EXERCISE INSTRUCTIONS: For the entries below, print exactly the lines between the line holding "(range (blinfun_apply T))" and the line holding "assms(7) by auto", inclusive, and nothing else.

PROVIDED DATA:
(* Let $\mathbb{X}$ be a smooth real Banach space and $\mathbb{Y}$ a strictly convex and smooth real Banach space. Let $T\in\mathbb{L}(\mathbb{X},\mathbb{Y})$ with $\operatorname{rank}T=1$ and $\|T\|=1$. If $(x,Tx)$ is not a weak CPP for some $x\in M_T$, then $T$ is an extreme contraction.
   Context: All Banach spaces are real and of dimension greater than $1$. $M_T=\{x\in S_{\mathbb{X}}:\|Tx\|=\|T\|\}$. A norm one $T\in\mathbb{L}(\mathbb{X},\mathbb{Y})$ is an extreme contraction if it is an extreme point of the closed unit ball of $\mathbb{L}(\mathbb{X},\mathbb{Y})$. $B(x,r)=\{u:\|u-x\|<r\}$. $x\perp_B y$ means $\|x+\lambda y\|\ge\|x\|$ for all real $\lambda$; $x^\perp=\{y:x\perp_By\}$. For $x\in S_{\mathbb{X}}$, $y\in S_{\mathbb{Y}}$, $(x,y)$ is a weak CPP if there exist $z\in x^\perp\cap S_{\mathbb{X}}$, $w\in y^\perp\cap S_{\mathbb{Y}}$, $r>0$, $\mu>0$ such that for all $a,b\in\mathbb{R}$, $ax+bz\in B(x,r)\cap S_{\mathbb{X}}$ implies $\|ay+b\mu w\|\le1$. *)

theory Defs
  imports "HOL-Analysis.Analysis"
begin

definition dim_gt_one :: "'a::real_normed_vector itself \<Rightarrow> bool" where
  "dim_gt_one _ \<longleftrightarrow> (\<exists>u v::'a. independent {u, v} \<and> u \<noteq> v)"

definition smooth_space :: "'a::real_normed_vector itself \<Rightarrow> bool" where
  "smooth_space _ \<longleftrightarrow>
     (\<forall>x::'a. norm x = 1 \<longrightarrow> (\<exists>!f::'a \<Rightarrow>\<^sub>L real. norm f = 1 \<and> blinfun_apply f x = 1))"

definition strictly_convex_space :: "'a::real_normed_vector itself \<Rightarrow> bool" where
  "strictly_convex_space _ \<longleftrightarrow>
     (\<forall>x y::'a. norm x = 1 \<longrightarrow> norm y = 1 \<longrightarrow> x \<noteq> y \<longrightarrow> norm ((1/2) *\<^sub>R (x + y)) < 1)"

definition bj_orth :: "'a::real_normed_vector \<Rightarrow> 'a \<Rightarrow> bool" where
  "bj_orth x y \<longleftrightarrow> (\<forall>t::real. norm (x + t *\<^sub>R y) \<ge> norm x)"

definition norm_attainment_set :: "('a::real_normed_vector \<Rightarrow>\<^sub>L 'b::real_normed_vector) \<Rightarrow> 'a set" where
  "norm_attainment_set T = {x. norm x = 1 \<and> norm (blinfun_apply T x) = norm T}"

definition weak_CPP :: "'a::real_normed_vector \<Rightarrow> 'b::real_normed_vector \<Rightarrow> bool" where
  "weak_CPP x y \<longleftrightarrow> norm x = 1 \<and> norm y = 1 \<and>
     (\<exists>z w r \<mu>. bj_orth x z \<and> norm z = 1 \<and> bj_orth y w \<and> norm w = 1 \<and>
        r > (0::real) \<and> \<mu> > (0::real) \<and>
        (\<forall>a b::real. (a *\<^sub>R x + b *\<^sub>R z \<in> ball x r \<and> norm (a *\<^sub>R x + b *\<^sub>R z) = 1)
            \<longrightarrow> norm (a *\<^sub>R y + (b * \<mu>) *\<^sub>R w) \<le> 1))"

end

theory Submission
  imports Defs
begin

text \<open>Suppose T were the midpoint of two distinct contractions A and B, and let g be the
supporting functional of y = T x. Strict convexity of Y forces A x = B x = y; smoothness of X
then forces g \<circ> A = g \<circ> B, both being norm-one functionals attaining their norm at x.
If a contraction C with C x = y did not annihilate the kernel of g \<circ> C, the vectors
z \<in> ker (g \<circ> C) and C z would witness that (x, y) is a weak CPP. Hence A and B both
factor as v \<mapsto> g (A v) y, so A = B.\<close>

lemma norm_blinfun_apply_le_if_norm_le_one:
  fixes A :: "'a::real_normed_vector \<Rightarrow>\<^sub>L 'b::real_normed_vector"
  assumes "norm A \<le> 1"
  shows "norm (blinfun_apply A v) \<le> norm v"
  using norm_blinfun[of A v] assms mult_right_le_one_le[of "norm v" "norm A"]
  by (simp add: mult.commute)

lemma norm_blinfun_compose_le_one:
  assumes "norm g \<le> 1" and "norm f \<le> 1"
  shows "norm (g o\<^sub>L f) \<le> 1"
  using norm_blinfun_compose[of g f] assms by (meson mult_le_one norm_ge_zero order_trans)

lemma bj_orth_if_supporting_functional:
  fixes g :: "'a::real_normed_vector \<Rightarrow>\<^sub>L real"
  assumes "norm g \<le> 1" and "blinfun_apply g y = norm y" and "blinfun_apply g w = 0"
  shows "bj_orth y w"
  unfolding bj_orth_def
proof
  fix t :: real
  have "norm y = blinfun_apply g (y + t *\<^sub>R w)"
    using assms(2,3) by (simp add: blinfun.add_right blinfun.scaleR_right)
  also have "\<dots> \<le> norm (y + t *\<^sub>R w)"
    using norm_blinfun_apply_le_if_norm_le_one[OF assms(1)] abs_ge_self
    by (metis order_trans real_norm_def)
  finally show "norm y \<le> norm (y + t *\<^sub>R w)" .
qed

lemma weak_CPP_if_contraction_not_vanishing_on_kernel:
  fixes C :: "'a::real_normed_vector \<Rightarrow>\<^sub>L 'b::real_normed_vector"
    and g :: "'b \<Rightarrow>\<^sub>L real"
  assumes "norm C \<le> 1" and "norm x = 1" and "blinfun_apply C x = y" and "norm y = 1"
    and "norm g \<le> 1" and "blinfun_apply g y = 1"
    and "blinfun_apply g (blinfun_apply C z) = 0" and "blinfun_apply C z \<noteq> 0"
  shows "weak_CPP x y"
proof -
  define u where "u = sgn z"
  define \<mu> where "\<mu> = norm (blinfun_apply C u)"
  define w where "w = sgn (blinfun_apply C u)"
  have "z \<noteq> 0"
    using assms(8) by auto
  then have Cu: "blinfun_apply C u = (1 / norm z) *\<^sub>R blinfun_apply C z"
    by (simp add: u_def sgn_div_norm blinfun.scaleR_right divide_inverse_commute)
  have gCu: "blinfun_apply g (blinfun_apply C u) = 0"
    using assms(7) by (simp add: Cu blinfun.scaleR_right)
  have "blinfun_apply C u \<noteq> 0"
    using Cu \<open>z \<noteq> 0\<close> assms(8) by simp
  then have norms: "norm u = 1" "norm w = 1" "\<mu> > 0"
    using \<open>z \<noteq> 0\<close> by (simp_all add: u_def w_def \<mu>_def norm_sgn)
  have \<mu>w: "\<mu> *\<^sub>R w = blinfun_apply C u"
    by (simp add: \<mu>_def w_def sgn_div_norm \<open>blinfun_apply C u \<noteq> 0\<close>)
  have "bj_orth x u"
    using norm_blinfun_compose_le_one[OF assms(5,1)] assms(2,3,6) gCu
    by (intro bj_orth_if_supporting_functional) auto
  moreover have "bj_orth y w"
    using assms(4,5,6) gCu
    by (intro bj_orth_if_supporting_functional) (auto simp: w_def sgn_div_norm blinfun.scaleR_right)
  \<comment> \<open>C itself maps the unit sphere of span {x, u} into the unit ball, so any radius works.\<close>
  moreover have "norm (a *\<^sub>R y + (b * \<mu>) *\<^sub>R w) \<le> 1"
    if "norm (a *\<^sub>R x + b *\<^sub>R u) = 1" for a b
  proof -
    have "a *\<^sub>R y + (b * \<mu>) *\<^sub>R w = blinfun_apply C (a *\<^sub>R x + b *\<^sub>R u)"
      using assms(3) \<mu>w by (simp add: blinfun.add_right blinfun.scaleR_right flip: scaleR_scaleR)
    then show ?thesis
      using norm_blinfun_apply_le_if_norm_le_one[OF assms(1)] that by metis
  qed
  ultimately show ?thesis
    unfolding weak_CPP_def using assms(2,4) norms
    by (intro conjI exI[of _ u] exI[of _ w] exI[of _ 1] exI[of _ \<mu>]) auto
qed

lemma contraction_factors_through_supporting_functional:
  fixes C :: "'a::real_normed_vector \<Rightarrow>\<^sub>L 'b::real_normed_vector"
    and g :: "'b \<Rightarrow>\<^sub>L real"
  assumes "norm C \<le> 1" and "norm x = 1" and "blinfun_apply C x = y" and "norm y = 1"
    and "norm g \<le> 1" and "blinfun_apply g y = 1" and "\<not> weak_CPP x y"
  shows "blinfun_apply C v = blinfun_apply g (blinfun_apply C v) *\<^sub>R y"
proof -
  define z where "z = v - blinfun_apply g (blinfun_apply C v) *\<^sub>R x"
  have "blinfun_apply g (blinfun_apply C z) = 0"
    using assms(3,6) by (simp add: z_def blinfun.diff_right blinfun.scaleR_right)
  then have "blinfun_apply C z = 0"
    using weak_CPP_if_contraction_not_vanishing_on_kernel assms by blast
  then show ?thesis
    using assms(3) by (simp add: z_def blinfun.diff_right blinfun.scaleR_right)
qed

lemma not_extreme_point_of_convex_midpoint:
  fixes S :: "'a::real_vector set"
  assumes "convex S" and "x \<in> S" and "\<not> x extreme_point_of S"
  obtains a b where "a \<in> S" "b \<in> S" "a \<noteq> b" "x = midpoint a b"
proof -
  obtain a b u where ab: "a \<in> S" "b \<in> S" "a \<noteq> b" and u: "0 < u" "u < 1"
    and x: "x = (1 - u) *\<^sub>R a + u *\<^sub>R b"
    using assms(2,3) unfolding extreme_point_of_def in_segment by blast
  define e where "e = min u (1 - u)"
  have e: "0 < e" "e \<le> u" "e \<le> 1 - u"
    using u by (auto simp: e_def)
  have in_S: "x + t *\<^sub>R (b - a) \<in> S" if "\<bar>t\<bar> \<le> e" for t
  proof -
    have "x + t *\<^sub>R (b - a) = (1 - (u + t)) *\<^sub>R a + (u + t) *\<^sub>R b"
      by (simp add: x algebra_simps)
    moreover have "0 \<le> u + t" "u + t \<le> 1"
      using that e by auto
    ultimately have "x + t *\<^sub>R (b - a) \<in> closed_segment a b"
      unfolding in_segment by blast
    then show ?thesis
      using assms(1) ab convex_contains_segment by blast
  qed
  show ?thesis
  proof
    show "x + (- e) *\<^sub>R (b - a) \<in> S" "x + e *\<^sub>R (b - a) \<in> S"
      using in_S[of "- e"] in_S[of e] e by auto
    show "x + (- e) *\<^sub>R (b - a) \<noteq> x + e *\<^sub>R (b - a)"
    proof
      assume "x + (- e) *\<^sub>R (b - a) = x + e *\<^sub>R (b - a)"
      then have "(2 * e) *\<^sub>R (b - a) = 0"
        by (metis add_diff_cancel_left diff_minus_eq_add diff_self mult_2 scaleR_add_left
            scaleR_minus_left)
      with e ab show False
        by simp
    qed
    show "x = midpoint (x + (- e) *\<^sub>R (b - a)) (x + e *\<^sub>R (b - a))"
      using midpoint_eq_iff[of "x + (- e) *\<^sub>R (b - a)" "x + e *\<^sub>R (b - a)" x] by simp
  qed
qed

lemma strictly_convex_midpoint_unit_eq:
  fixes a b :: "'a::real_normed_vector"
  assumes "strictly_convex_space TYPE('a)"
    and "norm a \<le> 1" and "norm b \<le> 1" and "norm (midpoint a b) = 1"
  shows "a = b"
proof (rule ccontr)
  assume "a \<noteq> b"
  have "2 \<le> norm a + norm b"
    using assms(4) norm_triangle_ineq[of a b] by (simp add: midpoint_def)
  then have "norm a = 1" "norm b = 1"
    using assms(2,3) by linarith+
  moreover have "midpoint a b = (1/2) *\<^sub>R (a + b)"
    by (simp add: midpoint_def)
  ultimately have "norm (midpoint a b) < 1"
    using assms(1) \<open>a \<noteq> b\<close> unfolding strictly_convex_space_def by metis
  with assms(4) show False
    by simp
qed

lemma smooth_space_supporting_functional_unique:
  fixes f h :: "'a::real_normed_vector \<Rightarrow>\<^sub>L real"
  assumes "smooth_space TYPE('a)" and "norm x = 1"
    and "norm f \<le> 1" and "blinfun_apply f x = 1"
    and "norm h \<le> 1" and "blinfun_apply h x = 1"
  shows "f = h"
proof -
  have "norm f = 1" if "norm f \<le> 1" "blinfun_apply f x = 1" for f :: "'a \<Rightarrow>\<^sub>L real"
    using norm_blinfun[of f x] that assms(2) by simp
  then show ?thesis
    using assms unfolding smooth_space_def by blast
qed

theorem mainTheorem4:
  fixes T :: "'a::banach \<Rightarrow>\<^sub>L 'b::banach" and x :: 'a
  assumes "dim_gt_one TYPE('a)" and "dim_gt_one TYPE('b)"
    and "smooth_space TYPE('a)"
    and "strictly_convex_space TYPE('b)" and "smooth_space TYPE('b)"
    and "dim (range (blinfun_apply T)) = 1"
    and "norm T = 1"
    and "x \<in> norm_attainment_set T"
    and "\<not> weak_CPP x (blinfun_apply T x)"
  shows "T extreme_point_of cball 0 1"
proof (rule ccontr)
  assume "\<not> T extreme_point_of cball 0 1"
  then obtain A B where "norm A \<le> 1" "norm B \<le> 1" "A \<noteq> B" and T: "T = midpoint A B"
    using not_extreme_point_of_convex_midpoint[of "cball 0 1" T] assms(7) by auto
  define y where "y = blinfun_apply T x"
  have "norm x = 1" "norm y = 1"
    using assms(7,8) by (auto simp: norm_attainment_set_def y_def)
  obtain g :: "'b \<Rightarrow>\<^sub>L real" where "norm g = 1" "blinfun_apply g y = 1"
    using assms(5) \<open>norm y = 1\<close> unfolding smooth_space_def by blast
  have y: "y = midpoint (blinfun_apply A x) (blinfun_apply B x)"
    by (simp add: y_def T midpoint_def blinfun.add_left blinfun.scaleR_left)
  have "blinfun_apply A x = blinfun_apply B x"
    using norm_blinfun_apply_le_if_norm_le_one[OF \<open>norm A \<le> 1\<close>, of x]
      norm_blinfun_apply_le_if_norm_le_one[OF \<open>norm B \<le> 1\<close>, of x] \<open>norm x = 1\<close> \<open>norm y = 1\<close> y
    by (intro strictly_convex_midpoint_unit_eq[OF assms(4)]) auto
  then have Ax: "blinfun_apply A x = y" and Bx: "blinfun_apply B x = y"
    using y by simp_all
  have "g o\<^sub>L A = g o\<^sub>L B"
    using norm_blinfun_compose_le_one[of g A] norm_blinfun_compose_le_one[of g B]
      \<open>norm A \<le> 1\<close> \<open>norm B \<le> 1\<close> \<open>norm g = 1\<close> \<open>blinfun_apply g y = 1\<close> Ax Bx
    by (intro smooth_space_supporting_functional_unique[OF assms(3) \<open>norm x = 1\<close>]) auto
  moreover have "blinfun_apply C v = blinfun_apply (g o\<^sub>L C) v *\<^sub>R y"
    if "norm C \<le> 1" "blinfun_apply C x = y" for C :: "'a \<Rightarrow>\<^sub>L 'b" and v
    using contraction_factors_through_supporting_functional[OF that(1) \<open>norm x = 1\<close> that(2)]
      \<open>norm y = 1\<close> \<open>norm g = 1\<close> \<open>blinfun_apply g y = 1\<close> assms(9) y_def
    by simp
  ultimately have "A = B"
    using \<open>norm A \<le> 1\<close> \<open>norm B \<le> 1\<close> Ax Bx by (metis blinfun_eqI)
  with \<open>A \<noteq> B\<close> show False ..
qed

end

SOLUTION BELOW:
    and "dim (range (blinfun_apply T)) = 1"
    and "norm T = 1"
    and "x \<in> norm_attainment_set T"
    and "\<not> weak_CPP x (blinfun_apply T x)"
  shows "T extreme_point_of cball 0 1"
proof (rule ccontr)
  assume "\<not> T extreme_point_of cball 0 1"
  then obtain A B where "norm A \<le> 1" "norm B \<le> 1" "A \<noteq> B" and T: "T = midpoint A B"
    using not_extreme_point_of_convex_midpoint[of "cball 0 1" T] assms(7) by auto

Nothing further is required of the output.